This presented a challenge for Carbon Brief to ensure they were not “pointing the finger” (CB05) at specific organisations or individuals. Multiple images were rejected on the basis of their “finger-pointy-ness”, and for one article titled “Analysis: the lack of diversity in climate science”
1
, the conversation of image choice was the most lengthy and complex of all during the data collection (Fieldwork notes, 2021-2022), for this reason; as one team member reflected at the time: “Obviously, for lack of diversity, we're not pointing the finger at people who are male or white, for example, we're pointing a finger at the system that prevents other people from accessing it. But that's not something you can put an image of.”
The naturalism of news photography therefore acted as a constraint on image use at times, with Carbon Brief wary of communicating messages which would leave them open to attack from readers through their images.
Transformative journalisms in image use: Symbolism in imagery and the shifting boundaries of objectivity
In response, Carbon Brief engaged more strategically with the naturalism and symbolism of news photography, oscillating and balancing the two in order to represent the desired points. This lent itself to a focus on the more symbolic aspects of imagery; in an early conversation where I prompted the director to describe the usual style of Carbon Brief images, they described how “in our world, in Carbon Brief world we often go for geometrically striking or visually contrasting images, that are kind of a bit abstract” (CB01). In practice, for example, this may be: “a ploughed field at an angle, so that you get lots of geometrically striking [shapes], so it’s not necessarily “saying” something other than farming, it’s not “saying” you know good bad or whatever, its just saying in a very loose way, farming, matches the headline that alludes to farming in the right context”.
Indeed, multiple hero images used throughout the data collection period fit this description; for example, the image selected to accompany an article titled “The challenge of achieving a ‘just transition’ in agriculture” depicted a produce farm in Cuba at a middle distance, with straight lines of crops framed diagonally from bottom left to top right of the image 2 . Similarly geometric and striking imagery can be seen used in hero images accompanying articles about power shortages in China 3 , or about climate migration across the US-Mexico border 4 .
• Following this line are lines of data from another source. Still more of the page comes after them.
lemma psi_recip_bound_le_psi_recip_add:
  assumes "0 < l" "0 \<le> a"
  shows "psi_recip_bound (psi l + a) \<le> psi (1 / l) + a / l"
proof (cases "1 \<le> l")
  case True
  define L where "L = psi_upper_inv (psi l + a)"
  have L: "1 \<le> L" "psi L = psi l + a"
    unfolding L_def using psi_upper_inv psi_nonneg[of l] assms by auto
  then have "l \<le> L"
    using psi_le_iff[OF True L(1)] assms by simp
  with True L show ?thesis
    using psi_recip_tangent[of l L] by (simp add: psi_recip_bound_def L_def[symmetric])
next
  case False
  have "psi_recip_bound (psi l + a) \<le> psi l + a"
    using psi_nonneg[of l] assms by (intro psi_recip_bound_le) simp
  moreover have "psi l \<le> psi (1 / l)"
    using psi_recip_le[of "1 / l"] False assms by simp
  moreover have "a \<le> a / l"
    using False assms by (simp add: le_divide_eq mult_left_le)
  ultimately show ?thesis
    by linarith
qed

lemma psi_recip_bound_scaled_mono:
  assumes "0 \<le> y" "y \<le> z"
  shows "y * psi_recip_bound z \<le> z * psi_recip_bound y"
proof (cases "y = 0")
  case True
  then show ?thesis
    using psi_recip_bound_nonneg[of 0] assms by simp
next
  case False
  define L where "L = psi_upper_inv y"
  have L: "1 \<le> L" "psi L = y"
    unfolding L_def using psi_upper_inv assms by auto
  have "psi_recip_bound z \<le> psi_recip_bound y + (z - y) / L"
    using psi_recip_bound_le_psi_recip_add[of L "z - y"] L assms
    by (simp add: psi_recip_bound_def L_def)
  then have "y * psi_recip_bound z \<le> y * psi_recip_bound y + (z - y) * (y / L)"
    using mult_left_mono assms by (fastforce simp: algebra_simps)
  also have "\<dots> \<le> y * psi_recip_bound y + (z - y) * psi_recip_bound y"
    using psi_le_mult_psi_recip[OF L(1)] L assms
    by (intro add_left_mono mult_left_mono) (auto simp: psi_recip_bound_def L_def field_simps)
  finally show ?thesis
    by (simp add: algebra_simps)
qed

lemma psi_recip_bound_add:
  assumes "0 \<le> y" "0 \<le> z"
  shows "psi_recip_bound (y + z) \<le> psi_recip_bound y + psi_recip_bound z"
proof (cases "y + z = 0")
  case True
  then have "y = 0" "z = 0"
    using assms by linarith+
  then show ?thesis
    by (simp add: psi_recip_bound_zero)
next
  case False
  have "(y + z) * psi_recip_bound (y + z) \<le> (y + z) * (psi_recip_bound y + psi_recip_bound z)"
    using psi_recip_bound_scaled_mono[of y "y + z"] psi_recip_bound_scaled_mono[of z "y + z"] assms
    by (simp add: algebra_simps)
  then show ?thesis
    using False assms by (simp add: mult_le_cancel_left)
qed

lemma psi_recip_bound_sum:
  assumes "finite I" "\<And>i. i \<in> I \<Longrightarrow> 0 \<le> y i"
  shows "psi_recip_bound (\<Sum>i\<in>I. y i) \<le> (\<Sum>i\<in>I. psi_recip_bound (y i))"
  using assms
proof (induction I rule: finite_induct)
  case empty
  then show ?case
    by (simp add: psi_recip_bound_zero)
next
  case (insert i I)
  then have "psi_recip_bound (y i + sum y I) \<le> psi_recip_bound (y i) + psi_recip_bound (sum y I)"
    by (intro psi_recip_bound_add) (auto intro: sum_nonneg)
  with insert show ?case
    by simp
qed

lemma psi_recip_bound_le_sum:
  assumes "finite I" "\<And>i. i \<in> I \<Longrightarrow> 0 < l i"
    and "0 \<le> y" "y \<le> (\<Sum>i\<in>I. psi (l i) + (e i)\<^sup>2)"
  shows "psi_recip_bound y \<le> (\<Sum>i\<in>I. psi (1 / l i) + (e i)\<^sup>2 / l i)"
proof -
  have nonneg: "0 \<le> psi (l i) + (e i)\<^sup>2" if "i \<in> I" for i
    using psi_nonneg[of "l i"] assms(2)[OF that] by simp
  have "psi_recip_bound y \<le> psi_recip_bound (\<Sum>i\<in>I. psi (l i) + (e i)\<^sup>2)"
    using assms by (intro psi_recip_bound_mono)
  also have "\<dots> \<le> (\<Sum>i\<in>I. psi_recip_bound (psi (l i) + (e i)\<^sup>2))"
    using assms(1) nonneg by (rule psi_recip_bound_sum)
  also have "\<dots> \<le> (\<Sum>i\<in>I. psi (1 / l i) + (e i)\<^sup>2 / l i)"
    using assms(2) by (intro sum_mono psi_recip_bound_le_psi_recip_add) auto
  finally show ?thesis .
qed

lemma lambert_W_m1_eq_psi_upper_inv:
  assumes "0 \<le> y"
  shows "lambert_W_m1 (- exp (- (1 + y))) = - psi_upper_inv y"
proof -
  define L where "L = psi_upper_inv y"
  have L: "1 \<le> L" "psi L = y"
    unfolding L_def using psi_upper_inv[OF assms] by auto
  have "w \<le> -1 \<and> w * exp w = - exp (- (1 + y)) \<longleftrightarrow> w = -L" for w
  proof
    assume w: "w \<le> -1 \<and> w * exp w = - exp (- (1 + y))"
    then have "ln (- w) + w = - (1 + y)"
      using ln_mult[of "- w" "exp w"] by simp
    then have "psi (- w) = y"
      by (simp add: psi_def)
    then show "w = -L"
      using psi_upper_inv_eqI[of "- w" y] w L_def by simp
  next
    assume "w = -L"
    moreover have "L * exp (- L) = exp (ln L - L)"
      using L by (simp add: exp_diff exp_minus field_simps)
    moreover have "ln L - L = - (1 + y)"
      using L by (simp add: psi_def)
    ultimately show "w \<le> -1 \<and> w * exp w = - exp (- (1 + y))"
      using L by simp
  qed
  then show ?thesis
    unfolding lambert_W_m1_def L_def[symmetric] by simp
qed

section \<open>Simultaneous diagonalization of two positive definite forms\<close>

lemma inner_matrix_vector_sym:
  fixes A :: "real^'n^'n"
  assumes "transpose A = A"
  shows "x \<bullet> (A *v y) = y \<bullet> (A *v x)"
  by (metis assms dot_lmul_matrix inner_commute transpose_matrix_vector)
lemma distr_restrict_density_part_dens_block:
  assumes P: "partition_on I P" and C: "C \<in> P"
  shows "distr (density (Leb I) (part_dens I p P)) (Leb C) (\<lambda>x. restrict x C)
    = density (Leb C) (marg I p C)"
proof (rule measure_eqI)
  fix A assume "A \<in> sets (distr (density (Leb I) (part_dens I p P)) (Leb C) (\<lambda>x. restrict x C))"
  then have A[measurable]: "A \<in> sets (Leb C)" by simp
  note blocks = partition_blocks[OF P]
  define g where "g C' = (if C' = C then (\<lambda>y. ennreal (marg I p C y) * indicator A y)
    else (\<lambda>y. ennreal (marg I p C' y)))" for C'
  have g_measurable: "g C' \<in> borel_measurable (Leb C')" if "C' \<in> P" for C'
    using marg_measurable blocks(2)[OF that] by (simp add: g_def)
  have "emeasure (distr (density (Leb I) (part_dens I p P)) (Leb C) (\<lambda>x. restrict x C)) A
      = (\<integral>\<^sup>+x. ennreal (part_dens I p P x) * indicator A (restrict x C) \<partial>Leb I)"
    by (rule emeasure_distr_restrict_density[OF blocks(2)[OF C] part_dens_measurable[OF P] A])
  also have "\<dots> = (\<integral>\<^sup>+x. (\<Prod>C'\<in>P. g C' (restrict x C')) \<partial>Leb I)"
  proof (intro nn_integral_cong)
    fix x
    have "g C' y = ennreal (marg I p C' y) * (if C' = C then indicator A y else 1)" for C' y
      by (simp add: g_def)
    then show "ennreal (part_dens I p P x) * indicator A (restrict x C) = (\<Prod>C'\<in>P. g C' (restrict x C'))"
      using C blocks(1,2) marg_nonneg by (simp add: prod.distrib prod_ennreal part_dens_def)
  qed
  also have "\<dots> = (\<Prod>C'\<in>P. integral\<^sup>N (Leb C') (g C'))"
    using nn_integral_prod_restrict_blocks[OF blocks(1,3) partition_onD2[OF P] g_measurable]
    by (simp only: partition_onD1[OF P])
  also have "\<dots> = (\<integral>\<^sup>+y. ennreal (marg I p C y) * indicator A y \<partial>Leb C)"
  proof -
    have "integral\<^sup>N (Leb C') (g C')
        = (if C' = C then \<integral>\<^sup>+y. ennreal (marg I p C y) * indicator A y \<partial>Leb C else 1)"
      if "C' \<in> P" for C'
      using nn_integral_marg_eq_1[OF blocks(2)[OF that]] by (simp add: g_def)
    then show ?thesis
      using C blocks(1) by (simp add: prod.delta cong: prod.cong)
  qed
  also have "\<dots> = emeasure (density (Leb C) (marg I p C)) A"
    using marg_measurable[OF blocks(2)[OF C]] by (simp add: emeasure_density)
  finally show "emeasure (distr (density (Leb I) (part_dens I p P)) (Leb C) (\<lambda>x. restrict x C)) A
      = emeasure (density (Leb C) (marg I p C)) A" .
qed simp

lemma distr_restrict_density_part_dens:
  assumes P: "partition_on I P" and C: "C \<in> P" and B: "B \<subseteq> C"
  shows "distr (density (Leb I) (part_dens I p P)) (Leb B) (\<lambda>x. restrict x B)
    = density (Leb B) (marg I p B)"
proof -
  have CI: "C \<subseteq> I" using partition_blocks(2)[OF P C] .
  have comp: "(\<lambda>x. restrict x B) \<circ> (\<lambda>x. restrict x C) = (\<lambda>x. restrict x B)"
    using B by (auto simp: fun_eq_iff Int_absorb1)
  have RB: "(\<lambda>x. restrict x B) \<in> measurable (Leb C) (Leb B)"
    by (rule measurable_restrict_subset[OF B])
  have RC: "(\<lambda>x. restrict x C) \<in> measurable (density (Leb I) f) (Leb C)" for f
    using measurable_restrict_subset[OF CI] by simp
  have "distr (density (Leb I) (part_dens I p P)) (Leb B) (\<lambda>x. restrict x B)
      = distr (distr (density (Leb I) (part_dens I p P)) (Leb C) (\<lambda>x. restrict x C)) (Leb B) (\<lambda>x. restrict x B)"
    by (simp add: distr_distr[OF RB RC] comp)
  also have "\<dots> = distr (distr (density (Leb I) p) (Leb C) (\<lambda>x. restrict x C)) (Leb B) (\<lambda>x. restrict x B)"
    by (simp only: distr_restrict_density_part_dens_block[OF P C] distr_restrict_density_marg[OF CI])
  also have "\<dots> = distr (density (Leb I) p) (Leb B) (\<lambda>x. restrict x B)"
    by (simp only: distr_distr[OF RB RC] comp)
  also have "\<dots> = density (Leb B) (marg I p B)"
    using B CI by (intro distr_restrict_density_marg) auto
  finally show ?thesis .
qed

lemma
  assumes P: "partition_on I P" and C: "C \<in> P" and B: "B \<subseteq> C"
    and finite_entropy: "integrable (Leb B) (\<lambda>y. marg I p B y * ln (marg I p B y))"
  shows integrable_part_dens_ln_marg:
      "integrable (Leb I) (\<lambda>x. part_dens I p P x * ln (marg I p B (restrict x B)))"
    and integral_part_dens_ln_marg:
      "(\<integral>x. part_dens I p P x * ln (marg I p B (restrict x B)) \<partial>Leb I) = - ent I p B"
proof -
  have BI: "B \<subseteq> I" using partition_blocks(2)[OF P C] B by blast
  note transfer = distr_restrict_density_part_dens[OF P C B] measurable_restrict_subset[OF BI]
    part_dens_measurable[OF P] marg_measurable[OF BI]
    borel_measurable_ln[OF marg_measurable[OF BI]]
    AE_I2[OF part_dens_nonneg[OF P]] AE_I2[OF marg_nonneg[OF BI]]
  show "integrable (Leb I) (\<lambda>x. part_dens I p P x * ln (marg I p B (restrict x B)))"
    using integrable_density_comp_iff[OF transfer] finite_entropy by simp
  show "(\<integral>x. part_dens I p P x * ln (marg I p B (restrict x B)) \<partial>Leb I) = - ent I p B"
    using integral_density_comp_eq[OF transfer] by (simp add: ent_def)
qed

lemma AE_part_dens_pos_imp_marg_nonzero:
  assumes P: "partition_on I P" and i: "i \<in> I"
  shows "AE x in Leb I. 0 < part_dens I p P x \<longrightarrow> marg I p {i} (restrict x {i}) \<noteq> 0"
proof -
  obtain C where C: "C \<in> P" "i \<in> C" using partition_onD1[OF P] i by blast
  have iI: "{i} \<subseteq> I" using i by simp
  note [measurable] = marg_measurable[OF iI] part_dens_measurable[OF P] measurable_restrict_subset[OF iI]
  have "{i} \<subseteq> C" using C(2) by simp
  note marginal = distr_restrict_density_part_dens[OF P C(1) this]
  have "AE y in density (Leb {i}) (marg I p {i}). marg I p {i} y \<noteq> 0"
    by (subst AE_density) auto
  then have "AE y in distr (density (Leb I) (part_dens I p P)) (Leb {i}) (\<lambda>x. restrict x {i}).
      marg I p {i} y \<noteq> 0"
    unfolding marginal .
  then have "AE x in density (Leb I) (part_dens I p P). marg I p {i} (restrict x {i}) \<noteq> 0"
    by (subst (asm) AE_distr_iff) auto
  then show ?thesis
    by (subst (asm) AE_density) auto
qed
The case of illustrating this latter article, titled “Global warming will make undocumented migration into US ‘increasingly dangerous’” was especially difficult, and represented one of the most interesting image discussions during the data collection period (Fieldwork notes, 2021-2022). Given the legal complexities of US border crossing in this context, Carbon Brief were reluctant to depict the faces of individual recognisable migrants in the image; see conversation over Slack messenger below (16/12/2021): CB01: I think it would be good to have an image that is quite specific to the area of Arizona the study focused on…“crossing on foot from Nogales in Mexico to Three Points in Arizona” CB08: quite difficult to find people crossing on foot but a range of images of the border [images removed for copyright reasons] CB01: I think image also really needs to “say” hot desert, ideally - but it will prob need to show a fence or wall so that it also “says” border. And not show the faces of any migrants. Quite tricky
This was a “tricky” article for the team to illustrate, not only due to the political/legal complexities of the case but also the emotional subject matter; several images suggested in the Slack channel were distressing, and described as “intense photos”. In this way, complex questions of professional journalistic ethics came into conversation with issues of human rights and national legislation, speaking to previous work on the moral decisions made by journalists around the ethical use of photojournalistic images (Miller and Dahmen, 2020) and raising questions beyond the scope of this article. The image which was selected depicts a landscape shot from above, without showing any people, but with the border line clearly shown as a divide in the middle of the landscape. CB03 wrote that it represented “quite good ‘hostile border crossing’”, speaking to the symbolic messages communicated in the image beyond the denotative content of what was literally contained in the frame. The image symbolises the hostility and danger of the US-Mexico border with a harsh, dark line cutting through an otherwise seemingly pristine desert landscape. This line contains connotations of a wound or a gash with the high visual contrast of the almost black line of shadow against the bright desert sand. Culturally, the straight line can be seen as a symbol of boundaries, borders and territory has long and complex connotations with colonialism and historical oppression (Bell, 1933; Newman, 2006), and this is being symbolically communicated through this image, as the Carbon Brief team alluded to in their description of the image as “hostile”. Meanwhile, the location accurately reflected the text of the article, and the image shot from above provided a literal representation of the detached, scientific ‘view from above, from nowhere’ means of viewing landscape which obscured the lived experience of people on the ground (Haraway, 2013: p. 589).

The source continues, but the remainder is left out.